When the line containing "define V where" appears in the data below, begin copying there and stop only after the line containing "then obtain C".

Dataset items
☆ ☆ ☆ ☆

text \<open>The fingerprints have at most m < |P| 2^n / D + 1 elements, and the logarithm of the
  number of P-free families is at most R + m log2 (2e 2^n / m), with 2^n / m \<le> D.\<close>
lemma log_card_free_families_le_blowup_size:
  assumes "tree_poset P" "x \<in> P" "1 \<le> n" "2 * real (card P) + 1 \<le> real D"
    and blowup: "\<And>F. F \<subseteq> Pow {1..n} \<Longrightarrow> R \<le> real (card F) \<Longrightarrow> contains_blowup F P x D"
  shows "log 2 (real (card (free_families P n)))
           \<le> R + (real (card P) * 2 ^ n / real D + 1) * log 2 (2 * exp 1 * real D)"
proof -
  define V where "V = Pow {1..n}"
  define M where "M = real (card P) * real (card V) / real D"
  define m where "m = nat \<lceil>M\<rceil>"
  have "finite P" "P \<noteq> {}" using assms(1) unfolding tree_poset_def is_poset_def by auto
  then have "1 \<le> real (card P)" by (simp add: Suc_le_eq card_gt_0_iff)
  then have "0 < D" using assms(4) by simp
  have card_V: "real (card V) = 2 ^ n" unfolding V_def by (simp add: card_Pow)
  have "(2::real) ^ 1 \<le> 2 ^ n" using assms(3) by (intro power_increasing) auto
  then have "2 \<le> real (card V)" unfolding card_V by simp
  note m = fingerprint_size_bounds[OF \<open>1 \<le> real (card P)\<close> assms(4) \<open>2 \<le> real (card V)\<close>,
    folded M_def m_def]
  have "rooted_tree_poset P x" using assms(1,2) by unfold_locales
  then obtain C where "is_container_map P D R V C"
    using container_map_exists[of P x V D R V] blowup \<open>0 < D\<close> unfolding V_def by fastforce
  then have "log 2 (real (card (free_families P n)))
      \<le> R + real m * log 2 (2 * exp 1 * (real (card V) / real m))"
    unfolding free_families_def V_def[symmetric] using \<open>P \<noteq> {}\<close> m(1,3,4) M_def
    by (intro log_card_P_free_le) (auto simp: V_def)
  also have "real m * log 2 (2 * exp 1 * (real (card V) / real m)) \<le> (M + 1) * log 2 (2 * exp 1 * real D)"
  proof (rule mult_mono)
    have "1 \<le> real (card V) / real m" using m(3,4) by simp
    then show "0 \<le> log 2 (2 * exp 1 * (real (card V) / real m))" by (rule log2_two_exp_nonneg)
    have "2 * exp 1 * (real (card V) / real m) \<le> 2 * exp 1 * real D"
      using m(5) by (intro mult_left_mono) auto
    moreover have "0 < 2 * exp 1 * (real (card V) / real m)"
      using \<open>1 \<le> real (card V) / real m\<close> by (intro mult_pos_pos) auto
    ultimately show "log 2 (2 * exp 1 * (real (card V) / real m)) \<le> log 2 (2 * exp 1 * real D)"
      by (intro log_mono) auto
  qed (use m(2) in auto)
  finally show ?thesis unfolding M_def card_V by simp
qed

☆ ☆ ☆ ☆

### WRITTEN ANSWER
  define V where "V = Pow {1..n}"
  define M where "M = real (card P) * real (card V) / real D"
  define m where "m = nat \<lceil>M\<rceil>"
  have "finite P" "P \<noteq> {}" using assms(1) unfolding tree_poset_def is_poset_def by auto
  then have "1 \<le> real (card P)" by (simp add: Suc_le_eq card_gt_0_iff)
  then have "0 < D" using assms(4) by simp
  have card_V: "real (card V) = 2 ^ n" unfolding V_def by (simp add: card_Pow)
  have "(2::real) ^ 1 \<le> 2 ^ n" using assms(3) by (intro power_increasing) auto
  then have "2 \<le> real (card V)" unfolding card_V by simp
  note m = fingerprint_size_bounds[OF \<open>1 \<le> real (card P)\<close> assms(4) \<open>2 \<le> real (card V)\<close>,
    folded M_def m_def]
  have "rooted_tree_poset P x" using assms(1,2) by unfold_locales
  then obtain C where "is_container_map P D R V C"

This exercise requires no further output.